Gestalt 6
Posted: March 2, 2010 Filed under: Gestalt 1 Comment »Yun Koga – Viz – 2010 – 8 volumes
I like this series more and more with every volume. It’s still an acquired taste, but it’s to my liking, and there are a lot of others that will probably really get into it, too. I imagine it being very much a “you love it or you hate it” series, though.
There are lots of fantasy and magic-based action still, but most of the video game allusions have been stripped away, and the majority of the action in this volume is a look at Ouri and her feelings for Olivier. Yun Koga has a way with angsty, yet subtle situations like this, and it’s agonizing to see Ouri tear herself apart with having to be satisfied that she’s once again a stranger in Olivier’s life. A stranger that gets to stick by his side, but a stranger all the same. She has a few asides that come across beautifully. I’m not entirely sure this originally ran in a shoujo manga magazine, but amidst all the vaguely defined action scenes and the somewhat foggy forward progress of the story, Ouri’s asides about Olivier give it rare and valuable moments of shoujo-ness. I think I like it best because of Ouri being such an interesting character.

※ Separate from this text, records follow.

(* Let $\mu^s$ be a positive policy. Then: (a) for every $x\in\mathcal X$, $\kappa(\mu^s|x)=\max_{a\in\mathcal A(x)}\frac{1}{\mu^s(a|x)}\Big(1+\sum_{x'\text{ directly follows }(x,a)}\kappa(\mu^s|x')\Big)$; (b) $\kappa(\mu^s)=\sum_{x\in\mathcal X_1}\kappa(\mu^s|x)$; (c) for every $x\in\mathcal X$, $\kappa(\mu^s|x)\ge A^\tau(x)$, with equality for all $x$ simultaneously when $\mu^s=\mu^\star$, the balanced policy defined by $\mu^\star(a|x)=A^\tau(x,a)/A^\tau(x)$; (d) $\kappa(\mu^\star)=A_{\mathcal X}$.
   Context: Game structure. Fix $H\ge1$. The min-player's information sets form a finite set $\mathcal X$; each $x$ has a depth $h(x)\in\{1,\dots,H\}$ and a finite nonempty action set $\mathcal A(x)$; $\mathcal X_1$ is the set of depth-1 information sets. Perfect recall: every $x$ of depth $h$ has a unique history $(x_1,a_1,\dots,x_{h-1},a_{h-1},x_h=x)$ with $x_i$ of depth $i$, $a_i\in\mathcal A(x_i)$, and histories extend each other along the tree. $x'$ directly follows $(x,a)$ if $h(x')=h(x)+1$ and the history of $x'$ contains $x$ followed by $a$; $x$ is in the history of $x'$ if $x=x'_i$ for some $i$ (including $x=x'$); $(x,a)$ is in the history of $x'$ if $x$ is in the history of $x'$, $x\neq x'$, and the history of $x'$ contains $x$ followed by $a$. $A_{\mathcal X}=\sum_x|\mathcal A(x)|$. A policy is $\mu=(\mu(\cdot|x))_x$, $\mu(\cdot|x)\in\Delta_{\mathcal A(x)}$; $\Pi_{\min}$ the set of policies; positive if all $\mu(a|x)>0$. Realization plan: $\mu_{1:}(x,a)=\prod_{i=1}^h\mu(a_i|x_i)$ (with $a_h=a$). For $x$ of depth $h$ and $(x',a')$ with $x$ in the history of $x'$ ($x'$ of depth $h'$, history $(x'_1,a'_1,\dots,x'_{h'})$, $a'_{h'}=a'$): $\mu_{h:}(x',a')=\prod_{i=h}^{h'}\mu(a'_i|x'_i)$. Define $\kappa(\mu^s)=\max_{\mu\in\Pi_{\min}}\sum_{x,a}\mu_{1:}(x,a)/\mu^s_{1:}(x,a)$ and, for $x$ of depth $h$, $\kappa(\mu^s|x)=\max_{\mu\in\Pi_{\min}}\sum_{x':\,x\text{ in history of }x'}\sum_{a'\in\mathcal A(x')}\mu_{h:}(x',a')/\mu^s_{h:}(x',a')$. Subtree action counts: $A^\tau(x,a)=1+\sum_{x':\,(x,a)\text{ in history of }x'}|\mathcal A(x')|$ and $A^\tau(x)=\sum_{a\in\mathcal A(x)}A^\tau(x,a)$. *)

theory Defs
  imports Complex_Main
begin

text \<open>Tree (perfect-recall) structure of the min-player's information sets.
  X: information sets; h: depth; A: action sets; par x = None for depth-1 sets,
  par x = Some (y, b) if the history of x ends with ... y, b, x.
  The history of x is then the chain obtained by iterating par.\<close>

definition game_structure ::
  "'x set \<Rightarrow> nat \<Rightarrow> ('x \<Rightarrow> nat) \<Rightarrow> ('x \<Rightarrow> 'a set) \<Rightarrow> ('x \<Rightarrow> ('x \<times> 'a) option) \<Rightarrow> bool" where
  "game_structure X H h A par \<longleftrightarrow>
     H \<ge> 1 \<and> finite X \<and>
     (\<forall>x\<in>X. finite (A x) \<and> A x \<noteq> {} \<and> 1 \<le> h x \<and> h x \<le> H \<and>
        (h x = 1 \<longleftrightarrow> par x = None) \<and>
        (\<forall>y b. par x = Some (y, b) \<longrightarrow> y \<in> X \<and> b \<in> A y \<and> h x = h y + 1))"

inductive in_hist :: "('x \<Rightarrow> ('x \<times> 'a) option) \<Rightarrow> 'x \<Rightarrow> 'x \<Rightarrow> bool" for par where
  refl: "in_hist par x x"
| step: "par x' = Some (y, b) \<Longrightarrow> in_hist par x y \<Longrightarrow> in_hist par x x'"

inductive act_hist :: "('x \<Rightarrow> ('x \<times> 'a) option) \<Rightarrow> 'x \<Rightarrow> 'a \<Rightarrow> 'x \<Rightarrow> bool" for par where
  direct: "par x' = Some (x, a) \<Longrightarrow> act_hist par x a x'"
| step: "par x' = Some (y, b) \<Longrightarrow> act_hist par x a y \<Longrightarrow> act_hist par x a x'"

definition directly_follows :: "('x \<Rightarrow> ('x \<times> 'a) option) \<Rightarrow> 'x \<Rightarrow> 'x \<Rightarrow> 'a \<Rightarrow> bool" where
  "directly_follows par x' x a \<longleftrightarrow> par x' = Some (x, a)"

definition is_policy :: "'x set \<Rightarrow> ('x \<Rightarrow> 'a set) \<Rightarrow> ('x \<Rightarrow> 'a \<Rightarrow> real) \<Rightarrow> bool" where
  "is_policy X A \<mu> \<longleftrightarrow> (\<forall>x\<in>X. (\<forall>a\<in>A x. \<mu> x a \<ge> 0) \<and> (\<Sum>a\<in>A x. \<mu> x a) = 1)"

definition positive_policy :: "'x set \<Rightarrow> ('x \<Rightarrow> 'a set) \<Rightarrow> ('x \<Rightarrow> 'a \<Rightarrow> real) \<Rightarrow> bool" where
  "positive_policy X A \<mu> \<longleftrightarrow> is_policy X A \<mu> \<and> (\<forall>x\<in>X. \<forall>a\<in>A x. \<mu> x a > 0)"

definition real_plan :: "('x \<Rightarrow> ('x \<times> 'a) option) \<Rightarrow> ('x \<Rightarrow> 'a \<Rightarrow> real) \<Rightarrow> 'x \<Rightarrow> 'a \<Rightarrow> real" where
  "real_plan par \<mu> x a = \<mu> x a * (\<Prod>(y, b)\<in>{(y, b). act_hist par y b x}. \<mu> y b)"

definition real_plan_from :: "('x \<Rightarrow> ('x \<times> 'a) option) \<Rightarrow> ('x \<Rightarrow> 'a \<Rightarrow> real) \<Rightarrow> 'x \<Rightarrow> 'x \<Rightarrow> 'a \<Rightarrow> real" where
  "real_plan_from par \<mu> x x' a' =
     \<mu> x' a' * (\<Prod>(y, b)\<in>{(y, b). act_hist par y b x' \<and> in_hist par x y}. \<mu> y b)"

definition kappa :: "'x set \<Rightarrow> ('x \<Rightarrow> 'a set) \<Rightarrow> ('x \<Rightarrow> ('x \<times> 'a) option) \<Rightarrow> ('x \<Rightarrow> 'a \<Rightarrow> real) \<Rightarrow> real" where
  "kappa X A par \<mu>s = (SUP \<mu>\<in>{\<mu>. is_policy X A \<mu>}.
      \<Sum>x\<in>X. \<Sum>a\<in>A x. real_plan par \<mu> x a / real_plan par \<mu>s x a)"

definition kappa_at :: "'x set \<Rightarrow> ('x \<Rightarrow> 'a set) \<Rightarrow> ('x \<Rightarrow> ('x \<times> 'a) option) \<Rightarrow> ('x \<Rightarrow> 'a \<Rightarrow> real) \<Rightarrow> 'x \<Rightarrow> real" where
  "kappa_at X A par \<mu>s x = (SUP \<mu>\<in>{\<mu>. is_policy X A \<mu>}.
      \<Sum>x'\<in>{x'\<in>X. in_hist par x x'}. \<Sum>a'\<in>A x'.
         real_plan_from par \<mu> x x' a' / real_plan_from par \<mu>s x x' a')"

definition A_tau_act :: "'x set \<Rightarrow> ('x \<Rightarrow> 'a set) \<Rightarrow> ('x \<Rightarrow> ('x \<times> 'a) option) \<Rightarrow> 'x \<Rightarrow> 'a \<Rightarrow> nat" where
  "A_tau_act X A par x a = 1 + (\<Sum>x'\<in>{x'\<in>X. act_hist par x a x'}. card (A x'))"

definition A_tau :: "'x set \<Rightarrow> ('x \<Rightarrow> 'a set) \<Rightarrow> ('x \<Rightarrow> ('x \<times> 'a) option) \<Rightarrow> 'x \<Rightarrow> nat" where
  "A_tau X A par x = (\<Sum>a\<in>A x. A_tau_act X A par x a)"

definition balanced_policy :: "'x set \<Rightarrow> ('x \<Rightarrow> 'a set) \<Rightarrow> ('x \<Rightarrow> ('x \<times> 'a) option) \<Rightarrow> 'x \<Rightarrow> 'a \<Rightarrow> real" where
  "balanced_policy X A par x a = real (A_tau_act X A par x a) / real (A_tau X A par x)"
section \<open>Frobenius norms of Hadamard products\<close>

lemma sum_swap_nested:
  "(\<Sum>i\<in>A. \<Sum>j\<in>B. \<Sum>k\<in>C. \<Sum>l\<in>D. f i j k l)
     = (\<Sum>k\<in>C. \<Sum>l\<in>D. \<Sum>i\<in>A. \<Sum>j\<in>B. f i j k l)"
  unfolding sum.cartesian_product
  by (rule sum.reindex_bij_witness[of _ "\<lambda>(k, l, i, j). (i, j, k, l)" "\<lambda>(i, j, k, l). (k, l, i, j)"])
    auto

lemma frob_norm_sq: "(frob_norm M)\<^sup>2 = (\<Sum>i\<in>UNIV. \<Sum>j\<in>UNIV. (cmod (M $ i $ j))\<^sup>2)"
  by (simp add: frob_norm_def sum_nonneg)

lemma frob_norm_eq_norm: "frob_norm M = norm M"
  by (simp add: frob_norm_def norm_vec_def L2_set_def sum_nonneg)

lemma norm_sq_sum_outer_entry:
  "of_real ((cmod ((\<Sum>k\<in>S. outer (w k)) $ i $ j))\<^sup>2)
     = (\<Sum>k\<in>S. \<Sum>l\<in>S. cnj ((vcnj (w k) * w l) $ i) * (vcnj (w k) * w l) $ j)"
proof -
  have "of_real ((cmod ((\<Sum>k\<in>S. outer (w k)) $ i $ j))\<^sup>2)
      = (\<Sum>k\<in>S. w k $ i * cnj (w k $ j)) * (\<Sum>l\<in>S. cnj (w l $ i) * w l $ j)"
    by (simp add: complex_norm_square outer_def del: of_real_power)
  also have "\<dots> = (\<Sum>k\<in>S. \<Sum>l\<in>S. cnj ((vcnj (w k) * w l) $ i) * (vcnj (w k) * w l) $ j)"
    by (simp add: sum_product vcnj_def mult_ac)
  finally show ?thesis .
qed

lemma frob_norm_hadamard_sq:
  "of_real ((frob_norm (A \<circ>\<^sub>H B))\<^sup>2)
     = (\<Sum>i\<in>UNIV. \<Sum>j\<in>UNIV. A $ i $ j * cnj (A $ i $ j) * of_real ((cmod (B $ i $ j))\<^sup>2))"
  by (simp add: frob_norm_sq hadamard_def norm_mult power_mult_distrib complex_norm_square
      del: of_real_power)

lemma frob_norm_hadamard_sum_outer:
  "of_real ((frob_norm (A \<circ>\<^sub>H (\<Sum>k\<in>S. outer (w k))))\<^sup>2)
     = (\<Sum>k\<in>S. \<Sum>l\<in>S. cinner (vcnj (w k) * w l) ((A \<circ>\<^sub>H mat_cnj A) *v (vcnj (w k) * w l)))"
proof -
  let ?y = "\<lambda>k l. vcnj (w k) * w l"
  have "of_real ((frob_norm (A \<circ>\<^sub>H (\<Sum>k\<in>S. outer (w k))))\<^sup>2)
      = (\<Sum>i\<in>UNIV. \<Sum>j\<in>UNIV. A $ i $ j * cnj (A $ i $ j) *
           (\<Sum>k\<in>S. \<Sum>l\<in>S. cnj (?y k l $ i) * ?y k l $ j))"
    unfolding frob_norm_hadamard_sq norm_sq_sum_outer_entry ..
  also have "\<dots> = (\<Sum>k\<in>S. \<Sum>l\<in>S. \<Sum>i\<in>UNIV. \<Sum>j\<in>UNIV.
                   cnj (?y k l $ i) * (A $ i $ j * cnj (A $ i $ j) * ?y k l $ j))"
    by (subst sum_swap_nested[symmetric]) (simp add: sum_distrib_left mult_ac)
  also have "\<dots> = (\<Sum>k\<in>S. \<Sum>l\<in>S. cinner (?y k l) ((A \<circ>\<^sub>H mat_cnj A) *v ?y k l))"
    by (simp add: cinner_def matrix_vector_mult_def hadamard_def mat_cnj_def sum_distrib_left)
  finally show ?thesis .
qed

lemma frob_norm_sum_outer:
  "(frob_norm (\<Sum>k\<in>S. outer (w k)))\<^sup>2 = (\<Sum>k\<in>S. \<Sum>l\<in>S. (cmod (cinner (w k) (w l)))\<^sup>2)"
proof -
  let ?y = "\<lambda>k l. vcnj (w k) * w l"
  have "(of_real ((frob_norm (\<Sum>k\<in>S. outer (w k)))\<^sup>2) :: complex)
      = (\<Sum>i\<in>UNIV. \<Sum>j\<in>UNIV. \<Sum>k\<in>S. \<Sum>l\<in>S. cnj (?y k l $ i) * ?y k l $ j)"
    unfolding frob_norm_sq of_real_sum norm_sq_sum_outer_entry ..
  also have "\<dots> = (\<Sum>k\<in>S. \<Sum>l\<in>S. \<Sum>i\<in>UNIV. \<Sum>j\<in>UNIV. cnj (?y k l $ i) * ?y k l $ j)"
    by (rule sum_swap_nested)
  also have "\<dots> = (\<Sum>k\<in>S. \<Sum>l\<in>S. cnj (\<Sum>i\<in>UNIV. ?y k l $ i) * (\<Sum>j\<in>UNIV. ?y k l $ j))"
    by (simp add: sum_product)
  also have "\<dots> = of_real (\<Sum>k\<in>S. \<Sum>l\<in>S. (cmod (cinner (w k) (w l)))\<^sup>2)"
    by (simp add: cinner_def vcnj_def complex_norm_square mult.commute del: of_real_power)
  finally show ?thesis
    by (simp only: of_real_eq_iff)
qed

lemma frob_norm_outer: "frob_norm (outer x) = (norm x)\<^sup>2"
proof -
  have "(frob_norm (outer x))\<^sup>2 = ((norm x)\<^sup>2)\<^sup>2"
    using frob_norm_sum_outer[of "\<lambda>_. x" "{()}"] by (simp add: cinner_self norm_power)
  then show ?thesis
    using power2_eq_iff_nonneg[of "frob_norm (outer x)" "(norm x)\<^sup>2"] by (simp add: frob_norm_eq_norm)
qed

lemma hadamard_outer_scaleR: "A \<circ>\<^sub>H outer (r *\<^sub>R u) = r\<^sup>2 *\<^sub>R (A \<circ>\<^sub>H outer u)"
  by (simp add: vec_eq_iff hadamard_def outer_def scaleR_conv_of_real[where 'a=complex]
      power2_eq_square mult_ac)
(* Let $\boldsymbol{M}$ be a weight sequence satisfying $\operatorname{(sm)}$, and let $\boldsymbol{A}$ be either an almost increasing sequence, or a sequence such that $\liminf_{p\to\infty}A_p^{1/p}>0$ and $\widehat{\boldsymbol{A}}$ satisfies $\operatorname{(alg)}$. Then: (i) There exists $a>0$ such that for every $h\ge1$ one has $\mathcal{F}(\mathcal{S}^{\widehat{\boldsymbol{A}},h}_{\boldsymbol{M},h}(\mathbb{R}))\subset\mathcal{S}^{\boldsymbol{M}_{+1},ah}_{\widehat{\boldsymbol{A}},ah}(\mathbb{R})$, and $\mathcal{F}\colon\mathcal{S}^{\widehat{\boldsymbol{A}},h}_{\boldsymbol{M},h}(\mathbb{R})\to\mathcal{S}^{\boldsymbol{M}_{+1},ah}_{\widehat{\boldsymbol{A}},ah}(\mathbb{R})$ is continuous. (ii) $\mathcal{F}(\mathcal{S}^{\{\widehat{\boldsymbol{A}}\}}_{\{\boldsymbol{M}\}}(\mathbb{R}))\subset\mathcal{S}^{\{\boldsymbol{M}_{+1}\}}_{\{\widehat{\boldsymbol{A}}\}}(\mathbb{R})$ and $\mathcal{F}\colon\mathcal{S}^{\{\widehat{\boldsymbol{A}}\}}_{\{\boldsymbol{M}\}}(\mathbb{R})\to\mathcal{S}^{\{\boldsymbol{M}_{+1}\}}_{\{\widehat{\boldsymbol{A}}\}}(\mathbb{R})$ is continuous. (iii) Statements (i) and (ii) remain valid when $\mathcal{F}$ is replaced by $\mathcal{F}^{-1}$.
   Context: Sequences are of positive reals indexed by $\mathbb{N}_0$; $m_p=M_{p+1}/M_p$. Weight sequence: $M_0=1$, $M_p^2\le M_{p-1}M_{p+1}$ ($p\ge1$), $m_p\to\infty$. $\operatorname{(sm)}$: $\log(m_{p+1}/m_p)\le C_0H^{p+1}$ for all $p$, some $C_0>0$, $H>1$. $\operatorname{(alg)}$ for $\boldsymbol{N}$: $N_pN_q\le C_1^{p+q}N_{p+q}$ for all $p,q$, some $C_1\ge1$. Almost increasing: $A_p\le aA_q$ for all $q\ge p$, some $a>0$. $\widehat{\boldsymbol{A}}=(p!A_p)_p$, $\boldsymbol{M}_{+1}=(M_{p+1})_p$. For sequences $\boldsymbol{N},\boldsymbol{B}$ and $h>0$, $\mathcal{S}^{\boldsymbol{B},h}_{\boldsymbol{N},h}(\mathbb{R})$ is the Banach space of $\varphi\in C^\infty(\mathbb{R})$ with norm $\sup_{p,q\in\mathbb{N}_0}\sup_{x\in\mathbb{R}}|x^p\varphi^{(q)}(x)|/(h^{p+q}N_pB_q)<\infty$, and $\mathcal{S}^{\{\boldsymbol{B}\}}_{\{\boldsymbol{N}\}}(\mathbb{R})=\bigcup_{h>0}\mathcal{S}^{\boldsymbol{B},h}_{\boldsymbol{N},h}(\mathbb{R})$ with the inductive limit topology. $\mathcal{F}(\varphi)(\xi)=\int_{-\infty}^\infty\varphi(x)e^{ix\xi}\,dx$, and $\mathcal{F}^{-1}(\varphi)(\xi)=\frac1{2\pi}\mathcal{F}(\varphi)(-\xi)$. *)

theory Defs
  imports "HOL-Analysis.Analysis"
begin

Later, the volume dips a bit into Ouri’s past. The story returns to the fight with her siblings, and we finally see flashbacks to Ouri as a little boy and her connections to Gestalt, what the contest is, and some answers about her physical form. This is my favorite plot thread, and I’m happy to see the story moving past the slow fights with the vaguely evil preachers and on to Dark Olivier, the journey to Gestalt, and answers about Ouri.
Again, the story is a bit vague on some finer details, like its sense of place or even having only one thing going at once among the same group of characters. I was surprised when the fight that started towards the beginning of the volume kept resuming, usually after something else had happened, like another set of characters enterting or another plot revelation, et cetera. It would just show that evil priest, and I’d realize he really was still there, just hanging out and waiting his turn for a whoopin’. Whatever. I like it for this dreamlike quality, though, and I like that everything is so ill-defined as far as fights and time frames go. It gives the story a kind of ethereal mood, something that works really well for a fantasy story.
We’ve finished the Continental part of the story, which means that next volume should feature Gestalt. With Olivier’s motives revealed and a whole lot more about Ouri coming forward, I am very much looking forward to what the final two volumes of the series have to offer.
This was a review copy provided by Viz.